What the exercise asks:
From the entries below, copy every line that has the word "grass".

Entries supplied:
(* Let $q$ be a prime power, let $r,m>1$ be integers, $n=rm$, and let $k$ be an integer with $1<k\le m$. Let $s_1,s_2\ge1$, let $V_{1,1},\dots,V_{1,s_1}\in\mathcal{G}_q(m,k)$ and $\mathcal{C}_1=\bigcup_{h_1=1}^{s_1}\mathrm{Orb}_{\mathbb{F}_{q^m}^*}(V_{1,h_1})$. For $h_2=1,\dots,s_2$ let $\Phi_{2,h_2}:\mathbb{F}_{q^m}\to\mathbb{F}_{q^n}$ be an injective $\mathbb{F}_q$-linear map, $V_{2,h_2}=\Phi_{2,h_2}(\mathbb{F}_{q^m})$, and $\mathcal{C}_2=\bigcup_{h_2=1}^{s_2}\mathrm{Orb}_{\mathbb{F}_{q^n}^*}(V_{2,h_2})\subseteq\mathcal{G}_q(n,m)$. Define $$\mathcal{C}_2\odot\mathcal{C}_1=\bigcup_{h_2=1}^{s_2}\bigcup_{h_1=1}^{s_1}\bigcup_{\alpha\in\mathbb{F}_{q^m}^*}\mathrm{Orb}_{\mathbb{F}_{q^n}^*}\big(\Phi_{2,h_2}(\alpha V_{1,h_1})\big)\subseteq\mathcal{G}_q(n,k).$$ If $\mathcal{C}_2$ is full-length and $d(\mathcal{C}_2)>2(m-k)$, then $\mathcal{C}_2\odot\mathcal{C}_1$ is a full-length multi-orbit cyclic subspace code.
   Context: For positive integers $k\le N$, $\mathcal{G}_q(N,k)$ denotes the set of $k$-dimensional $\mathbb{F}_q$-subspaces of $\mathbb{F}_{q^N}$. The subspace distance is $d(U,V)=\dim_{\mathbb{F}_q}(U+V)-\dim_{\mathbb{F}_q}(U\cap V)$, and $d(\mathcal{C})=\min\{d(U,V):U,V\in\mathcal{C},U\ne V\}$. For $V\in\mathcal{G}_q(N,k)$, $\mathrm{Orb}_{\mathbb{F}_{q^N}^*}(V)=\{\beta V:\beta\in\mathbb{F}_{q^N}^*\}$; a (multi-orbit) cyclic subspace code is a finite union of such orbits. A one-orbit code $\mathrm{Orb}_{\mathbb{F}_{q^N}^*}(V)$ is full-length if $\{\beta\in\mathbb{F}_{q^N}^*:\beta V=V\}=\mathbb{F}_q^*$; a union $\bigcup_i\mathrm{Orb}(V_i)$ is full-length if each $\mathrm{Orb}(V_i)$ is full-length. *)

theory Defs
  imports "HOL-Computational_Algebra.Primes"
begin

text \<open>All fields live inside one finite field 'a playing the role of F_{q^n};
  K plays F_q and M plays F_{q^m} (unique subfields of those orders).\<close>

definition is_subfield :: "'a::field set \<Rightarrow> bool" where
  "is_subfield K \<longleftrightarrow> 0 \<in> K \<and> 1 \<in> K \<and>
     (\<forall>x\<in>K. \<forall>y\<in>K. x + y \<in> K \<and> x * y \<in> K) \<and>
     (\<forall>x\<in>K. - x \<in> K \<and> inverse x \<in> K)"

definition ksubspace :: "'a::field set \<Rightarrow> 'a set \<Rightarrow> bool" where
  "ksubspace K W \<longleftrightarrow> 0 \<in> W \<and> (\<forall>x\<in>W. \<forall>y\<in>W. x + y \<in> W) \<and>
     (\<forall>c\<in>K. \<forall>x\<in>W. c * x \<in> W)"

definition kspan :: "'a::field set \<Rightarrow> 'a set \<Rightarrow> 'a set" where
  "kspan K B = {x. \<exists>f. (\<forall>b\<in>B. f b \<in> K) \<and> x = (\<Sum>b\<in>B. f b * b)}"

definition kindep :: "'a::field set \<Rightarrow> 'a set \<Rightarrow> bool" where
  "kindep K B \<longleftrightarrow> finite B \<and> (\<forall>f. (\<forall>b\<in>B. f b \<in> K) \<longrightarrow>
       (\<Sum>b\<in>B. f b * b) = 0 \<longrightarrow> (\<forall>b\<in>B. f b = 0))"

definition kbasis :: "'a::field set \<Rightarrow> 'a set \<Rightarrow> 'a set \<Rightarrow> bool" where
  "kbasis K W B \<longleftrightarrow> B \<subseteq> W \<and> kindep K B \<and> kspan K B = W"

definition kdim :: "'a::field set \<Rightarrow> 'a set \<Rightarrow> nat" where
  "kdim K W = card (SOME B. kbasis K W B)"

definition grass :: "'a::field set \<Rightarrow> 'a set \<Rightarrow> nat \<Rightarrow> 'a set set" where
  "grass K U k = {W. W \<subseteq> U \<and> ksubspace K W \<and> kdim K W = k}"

---

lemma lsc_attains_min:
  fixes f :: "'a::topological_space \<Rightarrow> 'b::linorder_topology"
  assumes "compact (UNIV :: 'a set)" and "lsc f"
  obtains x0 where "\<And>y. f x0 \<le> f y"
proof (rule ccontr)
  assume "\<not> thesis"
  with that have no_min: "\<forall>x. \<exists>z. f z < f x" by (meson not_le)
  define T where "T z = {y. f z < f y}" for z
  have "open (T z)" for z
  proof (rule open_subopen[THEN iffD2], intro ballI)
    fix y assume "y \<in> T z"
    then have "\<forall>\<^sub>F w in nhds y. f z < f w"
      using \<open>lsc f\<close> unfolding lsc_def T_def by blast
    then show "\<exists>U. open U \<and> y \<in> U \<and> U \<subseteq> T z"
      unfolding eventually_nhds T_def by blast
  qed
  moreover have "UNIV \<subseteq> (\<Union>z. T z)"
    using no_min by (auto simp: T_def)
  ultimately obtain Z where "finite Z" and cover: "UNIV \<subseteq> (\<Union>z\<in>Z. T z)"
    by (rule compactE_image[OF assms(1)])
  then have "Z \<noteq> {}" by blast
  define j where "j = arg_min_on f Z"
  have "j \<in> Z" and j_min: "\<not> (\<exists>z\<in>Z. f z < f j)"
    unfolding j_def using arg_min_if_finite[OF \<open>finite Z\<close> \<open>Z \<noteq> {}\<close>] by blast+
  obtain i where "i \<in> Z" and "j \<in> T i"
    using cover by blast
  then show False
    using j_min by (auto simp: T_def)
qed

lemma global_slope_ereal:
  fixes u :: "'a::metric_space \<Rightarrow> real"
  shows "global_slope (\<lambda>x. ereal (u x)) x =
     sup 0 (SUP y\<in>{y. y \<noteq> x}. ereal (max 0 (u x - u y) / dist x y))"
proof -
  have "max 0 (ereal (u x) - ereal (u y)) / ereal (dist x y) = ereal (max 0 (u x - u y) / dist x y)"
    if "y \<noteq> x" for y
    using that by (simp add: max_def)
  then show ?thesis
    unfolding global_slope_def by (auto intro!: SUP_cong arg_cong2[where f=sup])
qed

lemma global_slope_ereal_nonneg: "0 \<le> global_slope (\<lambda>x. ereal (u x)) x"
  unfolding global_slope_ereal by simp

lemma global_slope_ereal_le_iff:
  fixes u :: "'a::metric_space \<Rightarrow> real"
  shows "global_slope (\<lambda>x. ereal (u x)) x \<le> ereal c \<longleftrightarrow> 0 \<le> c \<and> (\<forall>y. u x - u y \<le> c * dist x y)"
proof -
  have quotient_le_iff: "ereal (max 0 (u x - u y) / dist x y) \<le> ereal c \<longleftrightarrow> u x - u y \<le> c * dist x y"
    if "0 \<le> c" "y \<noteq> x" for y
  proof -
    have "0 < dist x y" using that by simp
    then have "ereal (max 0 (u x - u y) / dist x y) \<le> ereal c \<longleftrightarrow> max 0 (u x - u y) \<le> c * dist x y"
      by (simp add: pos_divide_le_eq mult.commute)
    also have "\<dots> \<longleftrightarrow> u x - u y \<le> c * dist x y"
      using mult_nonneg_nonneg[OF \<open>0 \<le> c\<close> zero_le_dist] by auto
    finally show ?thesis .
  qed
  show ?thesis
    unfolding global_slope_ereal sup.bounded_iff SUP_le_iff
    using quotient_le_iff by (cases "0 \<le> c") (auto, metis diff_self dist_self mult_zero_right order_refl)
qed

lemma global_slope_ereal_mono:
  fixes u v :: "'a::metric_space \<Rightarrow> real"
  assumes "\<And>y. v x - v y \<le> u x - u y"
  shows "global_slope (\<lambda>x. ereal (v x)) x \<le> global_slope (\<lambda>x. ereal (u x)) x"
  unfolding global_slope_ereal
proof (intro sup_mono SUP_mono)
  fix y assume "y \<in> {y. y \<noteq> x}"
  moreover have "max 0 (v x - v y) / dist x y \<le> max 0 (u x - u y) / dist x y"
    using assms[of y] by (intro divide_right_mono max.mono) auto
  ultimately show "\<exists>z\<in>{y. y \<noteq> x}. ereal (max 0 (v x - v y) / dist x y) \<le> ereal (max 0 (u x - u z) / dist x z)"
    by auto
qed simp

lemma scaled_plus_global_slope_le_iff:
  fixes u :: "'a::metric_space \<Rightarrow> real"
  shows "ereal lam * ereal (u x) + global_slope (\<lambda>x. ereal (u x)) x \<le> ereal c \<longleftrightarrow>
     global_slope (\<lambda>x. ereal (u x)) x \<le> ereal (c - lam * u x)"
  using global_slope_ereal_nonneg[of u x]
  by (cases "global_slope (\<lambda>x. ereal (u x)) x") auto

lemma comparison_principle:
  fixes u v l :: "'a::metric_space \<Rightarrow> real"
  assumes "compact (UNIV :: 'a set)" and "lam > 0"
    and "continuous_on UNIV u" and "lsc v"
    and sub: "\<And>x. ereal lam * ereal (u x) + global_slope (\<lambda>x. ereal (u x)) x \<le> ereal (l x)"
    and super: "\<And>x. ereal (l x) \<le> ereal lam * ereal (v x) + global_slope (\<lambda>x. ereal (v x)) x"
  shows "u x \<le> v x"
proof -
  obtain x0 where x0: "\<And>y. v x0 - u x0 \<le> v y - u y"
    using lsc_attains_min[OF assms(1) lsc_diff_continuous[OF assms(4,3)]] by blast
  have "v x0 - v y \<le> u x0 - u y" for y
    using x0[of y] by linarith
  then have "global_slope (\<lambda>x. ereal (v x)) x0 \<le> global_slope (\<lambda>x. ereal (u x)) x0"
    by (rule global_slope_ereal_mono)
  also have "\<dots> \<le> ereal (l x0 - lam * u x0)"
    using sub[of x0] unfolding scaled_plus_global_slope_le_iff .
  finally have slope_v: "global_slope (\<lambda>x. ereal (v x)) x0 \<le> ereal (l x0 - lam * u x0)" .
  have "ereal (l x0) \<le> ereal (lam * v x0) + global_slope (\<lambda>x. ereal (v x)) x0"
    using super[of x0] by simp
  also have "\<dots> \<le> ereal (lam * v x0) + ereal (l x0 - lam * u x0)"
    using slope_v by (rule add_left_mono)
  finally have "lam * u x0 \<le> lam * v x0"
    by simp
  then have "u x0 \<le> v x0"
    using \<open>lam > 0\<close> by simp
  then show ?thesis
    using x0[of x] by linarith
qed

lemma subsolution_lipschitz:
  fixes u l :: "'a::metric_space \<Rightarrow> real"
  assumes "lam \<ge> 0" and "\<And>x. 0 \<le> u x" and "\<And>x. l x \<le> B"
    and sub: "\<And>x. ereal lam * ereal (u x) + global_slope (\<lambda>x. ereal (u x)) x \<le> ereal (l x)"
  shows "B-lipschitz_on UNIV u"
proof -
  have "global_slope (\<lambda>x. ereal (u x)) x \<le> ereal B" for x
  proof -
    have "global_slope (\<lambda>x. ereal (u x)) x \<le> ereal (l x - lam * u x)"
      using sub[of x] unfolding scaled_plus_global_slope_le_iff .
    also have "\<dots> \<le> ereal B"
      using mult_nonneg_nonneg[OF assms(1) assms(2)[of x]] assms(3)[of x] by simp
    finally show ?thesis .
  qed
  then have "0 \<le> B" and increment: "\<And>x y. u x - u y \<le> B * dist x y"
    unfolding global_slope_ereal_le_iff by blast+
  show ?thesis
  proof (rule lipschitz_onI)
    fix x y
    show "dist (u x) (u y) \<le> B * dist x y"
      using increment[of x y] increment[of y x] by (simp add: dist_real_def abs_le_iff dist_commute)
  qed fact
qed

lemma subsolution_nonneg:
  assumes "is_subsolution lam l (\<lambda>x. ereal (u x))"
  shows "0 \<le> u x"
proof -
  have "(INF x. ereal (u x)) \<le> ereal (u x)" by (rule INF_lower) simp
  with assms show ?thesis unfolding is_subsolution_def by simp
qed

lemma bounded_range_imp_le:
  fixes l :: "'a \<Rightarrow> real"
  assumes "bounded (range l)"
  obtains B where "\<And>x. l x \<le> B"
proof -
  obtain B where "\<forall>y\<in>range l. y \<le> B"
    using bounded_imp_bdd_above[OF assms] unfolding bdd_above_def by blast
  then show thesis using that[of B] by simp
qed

==

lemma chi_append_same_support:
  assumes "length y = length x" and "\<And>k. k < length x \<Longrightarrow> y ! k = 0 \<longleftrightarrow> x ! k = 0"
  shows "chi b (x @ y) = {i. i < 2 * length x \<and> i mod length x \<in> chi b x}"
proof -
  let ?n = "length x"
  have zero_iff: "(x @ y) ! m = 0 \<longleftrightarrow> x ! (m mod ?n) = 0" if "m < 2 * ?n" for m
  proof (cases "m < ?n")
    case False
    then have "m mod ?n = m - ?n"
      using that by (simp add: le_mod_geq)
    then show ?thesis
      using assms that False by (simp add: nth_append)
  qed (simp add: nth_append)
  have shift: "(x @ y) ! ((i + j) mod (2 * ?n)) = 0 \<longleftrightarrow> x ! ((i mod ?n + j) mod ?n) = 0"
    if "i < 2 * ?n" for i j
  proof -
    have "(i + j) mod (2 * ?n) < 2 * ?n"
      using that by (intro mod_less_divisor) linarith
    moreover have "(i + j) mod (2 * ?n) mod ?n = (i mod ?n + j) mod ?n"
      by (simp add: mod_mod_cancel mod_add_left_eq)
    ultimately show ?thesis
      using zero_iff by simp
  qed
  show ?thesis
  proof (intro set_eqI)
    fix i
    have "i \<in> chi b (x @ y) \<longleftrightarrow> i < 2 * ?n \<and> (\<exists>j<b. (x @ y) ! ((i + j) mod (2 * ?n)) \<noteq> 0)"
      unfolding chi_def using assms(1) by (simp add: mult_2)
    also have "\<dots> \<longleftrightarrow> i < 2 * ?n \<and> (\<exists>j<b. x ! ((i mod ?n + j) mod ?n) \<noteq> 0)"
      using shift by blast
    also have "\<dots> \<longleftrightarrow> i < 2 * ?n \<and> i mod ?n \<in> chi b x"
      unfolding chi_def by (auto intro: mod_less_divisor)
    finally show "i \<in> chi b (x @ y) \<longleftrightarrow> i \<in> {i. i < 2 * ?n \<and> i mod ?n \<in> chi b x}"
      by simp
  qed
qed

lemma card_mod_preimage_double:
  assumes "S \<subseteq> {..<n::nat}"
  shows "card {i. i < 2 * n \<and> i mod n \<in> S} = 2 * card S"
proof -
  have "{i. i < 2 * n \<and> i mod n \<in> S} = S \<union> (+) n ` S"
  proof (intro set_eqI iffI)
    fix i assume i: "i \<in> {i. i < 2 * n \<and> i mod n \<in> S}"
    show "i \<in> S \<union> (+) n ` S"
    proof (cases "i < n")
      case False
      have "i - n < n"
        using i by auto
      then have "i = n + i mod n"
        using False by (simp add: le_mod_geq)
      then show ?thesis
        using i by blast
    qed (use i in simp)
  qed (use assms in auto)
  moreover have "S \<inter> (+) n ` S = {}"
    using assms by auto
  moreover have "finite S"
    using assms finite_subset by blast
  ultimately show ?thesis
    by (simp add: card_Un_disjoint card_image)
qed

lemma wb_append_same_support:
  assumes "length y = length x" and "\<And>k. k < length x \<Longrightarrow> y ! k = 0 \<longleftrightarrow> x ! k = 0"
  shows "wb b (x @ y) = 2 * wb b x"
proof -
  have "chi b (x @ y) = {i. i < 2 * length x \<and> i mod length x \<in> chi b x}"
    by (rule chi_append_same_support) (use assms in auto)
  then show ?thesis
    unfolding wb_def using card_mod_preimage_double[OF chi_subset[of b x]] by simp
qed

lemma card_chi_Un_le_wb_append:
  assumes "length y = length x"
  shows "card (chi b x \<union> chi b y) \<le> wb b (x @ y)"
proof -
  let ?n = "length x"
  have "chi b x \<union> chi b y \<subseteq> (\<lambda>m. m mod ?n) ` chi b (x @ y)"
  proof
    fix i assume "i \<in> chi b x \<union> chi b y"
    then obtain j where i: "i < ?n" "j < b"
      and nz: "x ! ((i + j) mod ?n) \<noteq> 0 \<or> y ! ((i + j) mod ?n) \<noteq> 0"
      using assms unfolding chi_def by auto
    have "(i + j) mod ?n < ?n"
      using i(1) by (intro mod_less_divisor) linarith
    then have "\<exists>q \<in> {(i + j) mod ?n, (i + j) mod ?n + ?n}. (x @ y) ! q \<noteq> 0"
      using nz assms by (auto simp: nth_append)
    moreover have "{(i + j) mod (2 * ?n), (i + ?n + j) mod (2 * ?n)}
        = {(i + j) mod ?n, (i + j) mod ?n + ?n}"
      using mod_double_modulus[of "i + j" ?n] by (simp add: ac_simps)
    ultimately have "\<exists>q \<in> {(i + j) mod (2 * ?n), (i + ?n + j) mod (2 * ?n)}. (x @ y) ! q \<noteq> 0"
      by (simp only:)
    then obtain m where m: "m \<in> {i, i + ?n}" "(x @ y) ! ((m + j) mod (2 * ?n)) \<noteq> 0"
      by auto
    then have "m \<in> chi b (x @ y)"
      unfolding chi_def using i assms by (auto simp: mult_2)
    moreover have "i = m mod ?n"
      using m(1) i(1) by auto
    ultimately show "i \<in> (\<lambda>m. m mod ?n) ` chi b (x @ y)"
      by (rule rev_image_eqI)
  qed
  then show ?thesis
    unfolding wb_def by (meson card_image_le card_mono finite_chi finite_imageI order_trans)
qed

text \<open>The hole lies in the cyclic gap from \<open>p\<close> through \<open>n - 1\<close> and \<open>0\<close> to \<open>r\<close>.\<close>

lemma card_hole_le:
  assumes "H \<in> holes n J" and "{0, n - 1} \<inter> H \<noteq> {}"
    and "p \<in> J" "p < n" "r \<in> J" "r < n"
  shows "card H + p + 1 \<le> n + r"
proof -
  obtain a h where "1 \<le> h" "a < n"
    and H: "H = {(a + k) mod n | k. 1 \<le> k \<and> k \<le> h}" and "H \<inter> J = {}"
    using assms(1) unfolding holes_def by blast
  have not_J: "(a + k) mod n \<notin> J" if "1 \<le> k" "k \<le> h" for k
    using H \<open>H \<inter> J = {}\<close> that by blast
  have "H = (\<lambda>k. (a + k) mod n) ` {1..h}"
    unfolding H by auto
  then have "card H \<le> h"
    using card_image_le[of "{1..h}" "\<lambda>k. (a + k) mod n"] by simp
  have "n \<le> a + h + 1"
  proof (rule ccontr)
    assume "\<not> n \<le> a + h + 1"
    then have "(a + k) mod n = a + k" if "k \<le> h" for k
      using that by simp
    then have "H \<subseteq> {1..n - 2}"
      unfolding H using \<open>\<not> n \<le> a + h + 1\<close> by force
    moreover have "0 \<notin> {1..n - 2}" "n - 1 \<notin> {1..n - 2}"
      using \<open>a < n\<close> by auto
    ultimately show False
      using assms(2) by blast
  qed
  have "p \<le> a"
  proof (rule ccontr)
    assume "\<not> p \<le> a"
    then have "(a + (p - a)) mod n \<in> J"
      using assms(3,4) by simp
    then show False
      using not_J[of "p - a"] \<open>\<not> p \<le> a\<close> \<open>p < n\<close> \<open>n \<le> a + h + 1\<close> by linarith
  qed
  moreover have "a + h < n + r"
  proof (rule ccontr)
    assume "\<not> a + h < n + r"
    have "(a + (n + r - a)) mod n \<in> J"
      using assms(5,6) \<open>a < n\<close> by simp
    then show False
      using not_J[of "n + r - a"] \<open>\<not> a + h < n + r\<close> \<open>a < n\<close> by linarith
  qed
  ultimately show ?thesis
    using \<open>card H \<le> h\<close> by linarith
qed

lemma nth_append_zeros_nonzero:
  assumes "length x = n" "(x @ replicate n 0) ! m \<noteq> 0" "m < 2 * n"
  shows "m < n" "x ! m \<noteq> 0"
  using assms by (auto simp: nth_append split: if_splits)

Reply:
definition grass :: "'a::field set \<Rightarrow> 'a set \<Rightarrow> nat \<Rightarrow> 'a set set" where
  "grass K U k = {W. W \<subseteq> U \<and> ksubspace K W \<and> kdim K W = k}"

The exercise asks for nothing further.